Yankee Lidle’s Plane Crashed Because of Control Defect, Lawyer Tells Jury
New York Yankees pitcher Cory Lidle’s plane slammed into an Upper East Side building in October 2006 because the flight-control system was defective, a lawyer told a jury in Manhattan today.
Lidle and his flight instructor, Tyler Stanger, were killed when their plane crashed into an apartment building on East 72nd Street on Oct. 11, 2006. Lidle was 34 and Stanger was 26. Their widows filed a wrongful death suit against Duluth, Minnesota- based Cirrus Design Corp., the manufacturer of Lidle’s single- engine SR20 plane, in February 2007.
The suit claims that the flight-control system failed because of a design defect that caused Lidle and Stanger to lose control of the plane.

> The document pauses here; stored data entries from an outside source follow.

lemma fa_prob_compl:
  assumes "algebra \<Omega> F" "fa_prob \<Omega> F P" "A \<in> F"
  shows "P (\<Omega> - A) = 1 - P A"
proof -
  interpret algebra \<Omega> F by fact
  have "P \<Omega> = P A + P (\<Omega> - A)"
    using fa_prob_Diff[OF ring_of_sets_axioms assms(2,3) top sets_into_space[OF assms(3)]] .
  then show ?thesis using assms(2) unfolding fa_prob_def by simp
qed

lemma fa_prob_le_1:
  assumes "algebra \<Omega> F" "fa_prob \<Omega> F P" "A \<in> F"
  shows "P A \<le> 1"
proof -
  interpret algebra \<Omega> F by fact
  have "0 \<le> P (\<Omega> - A)" using assms unfolding fa_prob_def by blast
  then show ?thesis using fa_prob_compl[OF assms] by simp
qed

lemma fa_prob_finite_UN:
  fixes A :: "nat \<Rightarrow> 'a set"
  assumes "ring_of_sets \<Omega> F" "fa_prob \<Omega> F P" "range A \<subseteq> F" "disjoint_family A"
  shows "P (\<Union>i<n. A i) = (\<Sum>i<n. P (A i))"
proof (induction n)
  case 0
  show ?case using fa_prob_empty[OF assms(1,2)] by simp
next
  case (Suc n)
  interpret ring_of_sets \<Omega> F by fact
  have "A i \<inter> A n = {}" if "i < n" for i
    using \<open>disjoint_family A\<close> that by (simp add: disjoint_family_on_def)
  then have "(\<Union>i<n. A i) \<inter> A n = {}" by blast
  moreover have "(\<Union>i<n. A i) \<in> F" "A n \<in> F" using assms(3) by auto
  ultimately have "P ((\<Union>i<n. A i) \<union> A n) = P (\<Union>i<n. A i) + P (A n)"
    using assms(2) unfolding fa_prob_def by blast
  then show ?case using Suc.IH by (simp add: lessThan_Suc Un_commute)
qed

lemma fa_prob_continuous_at_empty_imp_Delta_sigma:
  assumes "ring_of_sets \<Omega> F" "fa_prob \<Omega> F Q" "continuous_at_empty F Q"
  shows "Q \<in> Delta_sigma \<Omega> F"
proof -
  interpret ring_of_sets \<Omega> F by fact
  have "(\<lambda>n. Q (A n)) sums Q (\<Union>n. A n)"
    if A: "range A \<subseteq> F" "disjoint_family A" "(\<Union>n. A n) \<in> F" for A :: "nat \<Rightarrow> 'a set"
  proof -
    define R where "R n = (\<Union>n. A n) - (\<Union>i<n. A i)" for n
    have partial_in: "(\<Union>i<n. A i) \<in> F" for n using A(1) by auto
    have "range R \<subseteq> F" using partial_in A(3) by (auto simp: R_def)
    moreover have "decseq R" by (auto simp: R_def decseq_def)
    moreover have "(\<Inter>n. R n) = {}"
    proof (intro equalityI subsetI)
      fix x assume x: "x \<in> (\<Inter>n. R n)"
      then obtain n where "x \<in> A n" by (auto simp: R_def)
      moreover have "x \<in> R (Suc n)" using x by blast
      ultimately show "x \<in> {}" by (simp add: R_def)
    qed simp
    ultimately have "(\<lambda>n. Q (\<Union>n. A n) - Q (R n)) \<longlonglongrightarrow> Q (\<Union>n. A n) - 0"
      by (intro tendsto_diff tendsto_const continuous_at_emptyD[OF assms(3)])
    moreover have "(\<Sum>i<n. Q (A i)) = Q (\<Union>n. A n) - Q (R n)" for n
    proof -
      have "Q (\<Union>n. A n) = Q (\<Union>i<n. A i) + Q (R n)"
        unfolding R_def by (rule fa_prob_Diff[OF ring_of_sets_axioms assms(2) partial_in A(3)]) auto
      then show ?thesis using fa_prob_finite_UN[OF ring_of_sets_axioms assms(2) A(1,2)] by simp
    qed
    ultimately show ?thesis unfolding sums_def by simp
  qed
  then show ?thesis using assms(2) unfolding Delta_sigma_def by blast
qed

locale fa_prob_family = algebra \<Omega> F
  for \<Omega> :: "'a set" and F :: "'a set set" +
  fixes \<P> :: "('a set \<Rightarrow> real) set"
  assumes family_nonempty: "\<P> \<noteq> {}"
    and family_subset_Delta: "\<P> \<subseteq> Delta \<Omega> F"
begin

lemma fa_prob_member: "P \<in> \<P> \<Longrightarrow> fa_prob \<Omega> F P"
  using family_subset_Delta unfolding Delta_def by auto

lemma upper_prob_upper: "P \<in> \<P> \<Longrightarrow> A \<in> F \<Longrightarrow> P A \<le> upper_prob \<P> A"
  unfolding upper_prob_def
  by (rule cSUP_upper) (auto intro!: bdd_aboveI[of _ 1] fa_prob_le_1[OF algebra_axioms] fa_prob_member)

lemma upper_prob_least: "(\<And>P. P \<in> \<P> \<Longrightarrow> P A \<le> c) \<Longrightarrow> upper_prob \<P> A \<le> c"
  unfolding upper_prob_def by (rule cSUP_least[OF family_nonempty])

lemma lower_prob_lower: "P \<in> \<P> \<Longrightarrow> A \<in> F \<Longrightarrow> lower_prob \<P> A \<le> P A"
  unfolding lower_prob_def
  by (rule cINF_lower) (auto intro!: bdd_belowI[of _ 0] dest!: fa_prob_member simp: fa_prob_def)

lemma lower_prob_greatest: "(\<And>P. P \<in> \<P> \<Longrightarrow> c \<le> P A) \<Longrightarrow> c \<le> lower_prob \<P> A"
  unfolding lower_prob_def by (rule cINF_greatest[OF family_nonempty])

lemma upper_prob_eq_1_minus_lower_prob_compl:
  assumes "A \<in> F"
  shows "upper_prob \<P> A = 1 - lower_prob \<P> (\<Omega> - A)"
proof -
  have "\<Omega> - A \<in> F" using assms by auto
  have compl: "P (\<Omega> - A) = 1 - P A" if "P \<in> \<P>" for P
    using fa_prob_compl[OF algebra_axioms fa_prob_member[OF that] assms] .
  have "upper_prob \<P> A \<le> 1 - lower_prob \<P> (\<Omega> - A)"
  proof (rule upper_prob_least)
    fix P assume P: "P \<in> \<P>"
    have "lower_prob \<P> (\<Omega> - A) \<le> P (\<Omega> - A)"
      by (rule lower_prob_lower[OF P \<open>\<Omega> - A \<in> F\<close>])
    then show "P A \<le> 1 - lower_prob \<P> (\<Omega> - A)" using compl[OF P] by linarith
  qed
  moreover have "1 - upper_prob \<P> A \<le> lower_prob \<P> (\<Omega> - A)"
  proof (rule lower_prob_greatest)
    fix P assume P: "P \<in> \<P>"
    have "P A \<le> upper_prob \<P> A" by (rule upper_prob_upper[OF P assms])
    then show "1 - upper_prob \<P> A \<le> P (\<Omega> - A)" using compl[OF P] by linarith
  qed
  ultimately show ?thesis by linarith
qed

lemma lower_prob_eq_1_minus_upper_prob_compl:
  assumes "A \<in> F"
  shows "lower_prob \<P> A = 1 - upper_prob \<P> (\<Omega> - A)"
proof -
  have "\<Omega> - (\<Omega> - A) = A" using assms sets_into_space by blast
  then show ?thesis using upper_prob_eq_1_minus_lower_prob_compl[OF compl_sets[OF assms]] by simp
qed

lemma upper_prob_empty: "upper_prob \<P> {} = 0"
proof -
  have "P {} = 0" if "P \<in> \<P>" for P
    using fa_prob_empty[OF ring_of_sets_axioms fa_prob_member[OF that]] .
  moreover obtain P where "P \<in> \<P>" using family_nonempty by blast
  ultimately show ?thesis
    using upper_prob_upper[of P "{}"] upper_prob_least[of "{}" 0] by force
qed

lemma lower_prob_space: "lower_prob \<P> \<Omega> = 1"
  using lower_prob_eq_1_minus_upper_prob_compl[OF top] upper_prob_empty by simp

lemma upper_prob_mono:
  assumes "A \<in> F" "B \<in> F" "A \<subseteq> B"
  shows "upper_prob \<P> A \<le> upper_prob \<P> B"
proof (rule upper_prob_least)
  fix P assume P: "P \<in> \<P>"
  have "P A \<le> P B"
    using fa_prob_Diff[OF ring_of_sets_axioms fa_prob_member[OF P] assms] assms
      fa_prob_member[OF P] by (auto simp: fa_prob_def)
  also have "\<dots> \<le> upper_prob \<P> B" using upper_prob_upper[OF P assms(2)] .
  finally show "P A \<le> upper_prob \<P> B" .
qed

lemma upper_prob_subadditive_Diff:
  assumes "A \<in> F" "B \<in> F" "A \<subseteq> B"
  shows "upper_prob \<P> B \<le> upper_prob \<P> A + upper_prob \<P> (B - A)"
proof (rule upper_prob_least)
  fix P assume P: "P \<in> \<P>"
  have "P B = P A + P (B - A)"
    using fa_prob_Diff[OF ring_of_sets_axioms fa_prob_member[OF P] assms] .
  also have "\<dots> \<le> upper_prob \<P> A + upper_prob \<P> (B - A)"
    using upper_prob_upper[OF P] assms by (intro add_mono) auto
  finally show "P B \<le> upper_prob \<P> A + upper_prob \<P> (B - A)" .
qed

lemma core_lower_prob_le_upper_prob:
  assumes "Q \<in> core \<Omega> F (lower_prob \<P>)" "A \<in> F"
  shows "Q A \<le> upper_prob \<P> A"
proof -
  have fa: "fa_prob \<Omega> F Q" and "lower_prob \<P> (\<Omega> - A) \<le> Q (\<Omega> - A)"
    using assms unfolding core_def Delta_def by auto
  then show ?thesis
    using fa_prob_compl[OF algebra_axioms fa assms(2)] upper_prob_eq_1_minus_lower_prob_compl[OF assms(2)]
    by simp
qed

lemma core_lower_prob_subset_Delta_sigma:
  assumes "continuous_at_empty F (upper_prob \<P>)"
  shows "core \<Omega> F (lower_prob \<P>) \<subseteq> Delta_sigma \<Omega> F"
proof
  fix Q assume Q: "Q \<in> core \<Omega> F (lower_prob \<P>)"
  then have fa: "fa_prob \<Omega> F Q" unfolding core_def Delta_def by auto
  have "continuous_at_empty F Q"
  proof (rule continuous_at_empty_dominated[OF _ assms])
    fix A assume "A \<in> F"
    with fa core_lower_prob_le_upper_prob[OF Q]
    show "0 \<le> Q A \<and> Q A \<le> upper_prob \<P> A" unfolding fa_prob_def by blast
  qed
  then show "Q \<in> Delta_sigma \<Omega> F"
    by (rule fa_prob_continuous_at_empty_imp_Delta_sigma[OF ring_of_sets_axioms fa])
qed

end

theorem proposition2:
  fixes \<Omega> :: "'a set" and F :: "'a set set" and \<P> :: "('a set \<Rightarrow> real) set"
  assumes "sigma_algebra \<Omega> F"
    and "\<P> \<noteq> {}" and "\<P> \<subseteq> Delta \<Omega> F"
  shows "(continuous_at_empty F (upper_prob \<P>) \<longleftrightarrow> set_fun_continuous F (upper_prob \<P>))
       \<and> (set_fun_continuous F (upper_prob \<P>) \<longleftrightarrow> set_fun_continuous F (lower_prob \<P>))
       \<and> (set_fun_continuous F (lower_prob \<P>) \<longleftrightarrow> continuous_at_Omega \<Omega> F (lower_prob \<P>))
       \<and> (continuous_at_empty F (upper_prob \<P>) \<longrightarrow> core \<Omega> F (lower_prob \<P>) \<subseteq> Delta_sigma \<Omega> F)"
proof -
  interpret fa_prob_family \<Omega> F \<P>
    using assms by (simp add: fa_prob_family_def fa_prob_family_axioms_def sigma_algebra.axioms(1))
  let ?V = "upper_prob \<P>" and ?v = "lower_prob \<P>"
  have i_ii: "continuous_at_empty F ?V \<Longrightarrow> set_fun_continuous F ?V"
    by (rule continuous_at_empty_imp_set_fun_continuous[OF ring_of_sets_axioms upper_prob_mono
          upper_prob_subadditive_Diff])
  have ii_i: "set_fun_continuous F ?V \<Longrightarrow> continuous_at_empty F ?V"
    using set_fun_continuous_imp_continuous_at_empty empty_sets upper_prob_empty by blast
  have ii_iii: "set_fun_continuous F ?V \<Longrightarrow> set_fun_continuous F ?v"
    using set_fun_continuous_compl_dual[OF algebra_axioms, of ?v ?V]
      lower_prob_eq_1_minus_upper_prob_compl by blast
  have iii_iv: "set_fun_continuous F ?v \<Longrightarrow> continuous_at_Omega \<Omega> F ?v"
    using set_fun_continuous_imp_continuous_at_Omega top lower_prob_space by blast
  have iv_i: "continuous_at_Omega \<Omega> F ?v \<Longrightarrow> continuous_at_empty F ?V"
    using continuous_at_empty_compl_dual[OF algebra_axioms, of ?V ?v]
      upper_prob_eq_1_minus_lower_prob_compl by blast
  show ?thesis
    using i_ii ii_i ii_iii iii_iv iv_i core_lower_prob_subset_Delta_sigma by blast
qed

end
lemma embed_arc_Inr:
  assumes i: "i < length p" and y: "y \<in> Xi E sp cycle_word i"
  shows "embed_arc (Inr (i, y)) \<in> out_arcs F (embed_vert (Fx_src cycle_word (Inr (i, y))))
    \<and> phe (embed_arc (Inr (i, y))) = last y"
  using y
proof (induction y rule: rev_induct)
  case Nil
  then show ?case by (auto dest: Xi_nonempty)
next
  case (snoc d y)
  show ?case
  proof (cases "y = []")
    case True
    from snoc.prems True cycle_word_in_arcs[OF i]
    have "d \<in> out_arcs (double_graph E) (dtgt E (cycle_word ! i))"
      and "admissible_turn E sp (cycle_word ! i) d"
      by (simp_all add: Xi_single_iff)
    then have "d \<in> out_arcs (double_graph E) (phv (tgt F (p ! i)))"
      and "admissible_turn E sp (phe (p ! i)) d"
      using phv_tgt[OF cycle_arc[OF i]] cycle_word_nth[OF i] by simp_all
    from arc_labelled[OF cycle_vert_in_verts[OF i] in_arcs_cycle_vert[OF i] this] True
    show ?thesis by (simp add: embed_vert_def)
  next
    case False
    with snoc.prems have y: "y \<in> Xi E sp cycle_word i"
      and d: "d \<in> out_arcs (double_graph E) (dtgt E (last y))" "admissible_turn E sp (last y) d"
      by (simp_all add: Xi_snoc_iff)
    let ?v = "embed_vert (Inr (i, y))"
    from snoc.IH[OF y] have "embed_arc (Inr (i, y)) \<in> arcs F"
      and phe_last: "phe (embed_arc (Inr (i, y))) = last y"
      by (auto simp: out_arcs_def)
    then have "?v \<in> verts F" "in_arcs F ?v = {embed_arc (Inr (i, y))}"
      and "phv ?v = dtgt E (last y)"
      using tgt_in_verts in_arcs_eq_singleton phv_tgt by (auto simp: embed_vert_def in_arcs_def)
    from arc_labelled[OF this(1,2)] d phe_last \<open>phv ?v = _\<close>
    show ?thesis
      using False by (simp add: embed_vert_Inr)
  qed
qed

lemma embed_arc_out_arcs:
  assumes "a \<in> Fx"
  shows "embed_arc a \<in> out_arcs F (embed_vert (Fx_src cycle_word a))"
  using assms
proof (cases rule: Fx_index_cases)
  case (Inl i)
  let ?j = "(i + length p - 1) mod length p"
  have "?j < length p" "Suc ?j mod length p = i"
    using cycle_length_pos Suc_mod_pred Inl by auto
  with cycle_arc_next[of ?j] Inl show ?thesis
    by (simp add: embed_vert_def)
qed (use embed_arc_Inr in auto)

lemma phe_embed_arc:
  assumes "a \<in> Fx"
  shows "phe (embed_arc a) = Fx_phie cycle_word a"
  using assms by (cases rule: Fx_index_cases) (use embed_arc_Inr cycle_word_nth in auto)

lemma embed_arc_in_arcs: "a \<in> Fx \<Longrightarrow> embed_arc a \<in> arcs F"
  using embed_arc_out_arcs by (simp add: out_arcs_def)

lemma src_embed_arc: "a \<in> Fx \<Longrightarrow> src F (embed_arc a) = embed_vert (Fx_src cycle_word a)"
  using embed_arc_out_arcs by (simp add: out_arcs_def)

lemma embed_vert_in_verts: "a \<in> Fx \<Longrightarrow> embed_vert a \<in> verts F"
  using tgt_in_verts embed_arc_in_arcs by (simp add: embed_vert_def)

lemma in_arcs_embed_vert: "a \<in> Fx \<Longrightarrow> in_arcs F (embed_vert a) = {embed_arc a}"
  using in_arcs_eq_singleton embed_arc_in_arcs by (simp add: embed_vert_def in_arcs_def)

lemma phv_embed_vert: "a \<in> Fx \<Longrightarrow> phv (embed_vert a) = Fx_phiv E cycle_word a"
  using phv_tgt embed_arc_in_arcs phe_embed_arc by (simp add: embed_vert_def Fx_phiv_def)

lemma out_arc_embed_vert_label:
  assumes a: "a \<in> Fx" and g: "g \<in> out_arcs F (embed_vert a)"
  shows "phe g \<in> out_arcs (double_graph E) (Fx_phiv E cycle_word a)"
    and "admissible_turn E sp (Fx_phie cycle_word a) (phe g)"
    and "arc_labelled (embed_vert a) (phe g) = g"
proof -
  have w: "embed_vert a \<in> verts F" "in_arcs F (embed_vert a) = {embed_arc a}"
    using a embed_vert_in_verts in_arcs_embed_vert by auto
  with g show "phe g \<in> out_arcs (double_graph E) (Fx_phiv E cycle_word a)"
    and "admissible_turn E sp (Fx_phie cycle_word a) (phe g)"
    using bij_betw_out_arcs[OF w] phe_embed_arc[OF a] phv_embed_vert[OF a]
    by (auto simp: bij_betw_def)
  show "arc_labelled (embed_vert a) (phe g) = g"
    using arc_labelled_phe[OF w g] .
qed

lemma out_arcs_embed_vert:
  assumes a: "a \<in> Fx" and g: "g \<in> out_arcs F (embed_vert a)"
  shows "g \<in> embed_arc ` Fx"
proof -
  let ?d = "phe g"
  note d = out_arc_embed_vert_label[OF a g]
  from a show ?thesis
  proof (cases rule: Fx_index_cases)
    case (Inl i)
    show ?thesis
    proof (cases "?d = cycle_word ! (Suc i mod length p)")
      case True
      have "p ! (Suc i mod length p) \<in> out_arcs F (embed_vert a)"
        using cycle_arc_next Inl by (simp add: embed_vert_def)
      with True d(3) have "g = embed_arc (Inl (Suc i mod length p))"
        using out_arc_embed_vert_label(3)[OF a] cycle_word_nth[of "Suc i mod length p"] cycle_length_pos
        by (metis embed_arc.simps(1) mod_less_divisor)
      moreover have "Inl (Suc i mod length p) \<in> Fx"
        using cycle_length_pos by simp
      ultimately show ?thesis by blast
    next
      case False
      from cycle_word_in_arcs Inl have "[?d] \<in> Xi E sp cycle_word i"
        using d False Inl by (simp add: Xi_single_iff Fx_phiv_def)
      moreover have "embed_arc (Inr (i, [?d])) = g"
        using d(3) Inl by (simp add: embed_vert_def)
      ultimately show ?thesis
        using Inl by (metis Inr_in_Fx_index_iff image_eqI length_cycle_word)
    qed
  next
    case (Inr i y)
    then have "y @ [?d] \<in> Xi E sp cycle_word i"
      using d by (simp add: Xi_snoc_iff[OF Xi_nonempty] Fx_phiv_def)
    moreover have "embed_arc (Inr (i, y @ [?d])) = g"
      using d(3) Inr by (simp add: embed_vert_Inr[OF Xi_nonempty])
    ultimately show ?thesis
      using Inr by (metis Inr_in_Fx_index_iff image_eqI length_cycle_word)
  qed
qed

lemma inj_on_embed_arc: "inj_on embed_arc Fx"
proof -
  have "a = b" if "a \<in> Fx" "b \<in> Fx" "embed_arc a = embed_arc b" for a b
    using that
  proof (induction "Fx_depth a + Fx_depth b" arbitrary: a b rule: less_induct)
    case less
    show ?case
    proof (cases "\<exists>i j. a = Inl i \<and> b = Inl j")
      case True
      then obtain i j where "a = Inl i" "b = Inl j" by blast
      with less.prems distinct_sources show ?thesis
        by (auto simp: distinct_map nth_eq_iff_index_eq)
    next
      case False
      then consider "a \<notin> range Inl" | "b \<notin> range Inl" by blast
      then have "Fx_depth (Fx_src cycle_word a) + Fx_depth (Fx_src cycle_word b)
          < Fx_depth a + Fx_depth b"
        using Fx_depth_Fx_src_less[OF less.prems(1)] Fx_depth_Fx_src_less[OF less.prems(2)]
          Fx_depth_Fx_src_le[of cycle_word a] Fx_depth_Fx_src_le[of cycle_word b]
        by cases (simp_all add: add_less_le_mono add_le_less_mono)
      moreover have "embed_vert (Fx_src cycle_word a) = embed_vert (Fx_src cycle_word b)"
        using less.prems src_embed_arc by metis
      then have "embed_arc (Fx_src cycle_word a) = embed_arc (Fx_src cycle_word b)"
        using in_arcs_embed_vert Fx_src_in_Fx_index less.prems by (metis singleton_inject)
      ultimately have "Fx_src cycle_word a = Fx_src cycle_word b"
        using less.hyps less.prems Fx_src_in_Fx_index by blast
      moreover have "Fx_phie cycle_word a = Fx_phie cycle_word b"
        using less.prems phe_embed_arc by metis
      ultimately show ?thesis
        using Fx_src_Fx_phie_inj less.prems by blast
    qed
  qed
  then show ?thesis by (rule inj_onI)
qed

lemma inj_on_embed_vert: "inj_on embed_vert Fx"
  using inj_on_embed_arc in_arcs_embed_vert by (metis inj_on_def singleton_inject)

lemma verts_subset_embed_vert:
  assumes "connected_graph F"
  shows "verts F \<subseteq> embed_vert ` Fx"
proof
  fix v assume "v \<in> verts F"
  have start: "Inl 0 \<in> Fx" "embed_vert (Inl 0) \<in> verts F"
    using cycle_length_pos embed_vert_in_verts by auto
  with assms \<open>v \<in> verts F\<close> have "(undir_adj F)\<^sup>*\<^sup>* (embed_vert (Inl 0)) v"
    by (simp add: connected_graph_def)
  then show "v \<in> embed_vert ` Fx"
  proof (induction rule: rtranclp_induct)
    case base
    show ?case using start by blast
  next
    case (step v' v)
    then obtain a where a: "a \<in> Fx" "v' = embed_vert a" by blast
    from step.hyps(2) obtain g where g: "g \<in> arcs F"
      and "(src F g = v' \<and> tgt F g = v) \<or> (src F g = v \<and> tgt F g = v')"
      by (auto simp: undir_adj_def)
    then consider "g \<in> out_arcs F (embed_vert a)" "v = tgt F g"
      | "g \<in> in_arcs F (embed_vert a)" "v = src F g"
      using a by (auto simp: out_arcs_def in_arcs_def)
    then show ?case
    proof cases
      case 1
      then show ?thesis
        using out_arcs_embed_vert[OF a(1)] by (auto simp: embed_vert_def)
    next
      case 2
      then show ?thesis
        using in_arcs_embed_vert[OF a(1)] src_embed_arc[OF a(1)] Fx_src_in_Fx_index[OF a(1)] by auto
    qed
  qed
qed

Cirrus contends that the pilots started a turn too close to the eastern shore of the island of Manhattan at too low an angle, leaving them too little room to finish the maneuver.
“There is no pilot error,” Todd E. Macaluso, a lawyer representing the estates of Lidle and Stanger, told the jury in opening statements in federal court in Manhattan. “There is no negligence. If you can’t control the airplane, you can’t be at fault. This airplane was out of control.”
The accident was a “terrible tragedy” and Cirrus is “genuinely sorry” for the loss of the two men, Patrick E. Bradley, an attorney representing the company, said in opening statements before U.S. District Judge Barbara Jones.
“While acknowledging that, we also have to acknowledge that it is wrong and it is unfair to blame someone for something they did not do,” Bradley said. “Cirrus did not cause these deaths, the airplane did not cause these deaths.”
The case is Lidle v. Cirrus Design Corp., 1:08-cv-01253, U.S. District Court, Southern District of New York (Manhattan).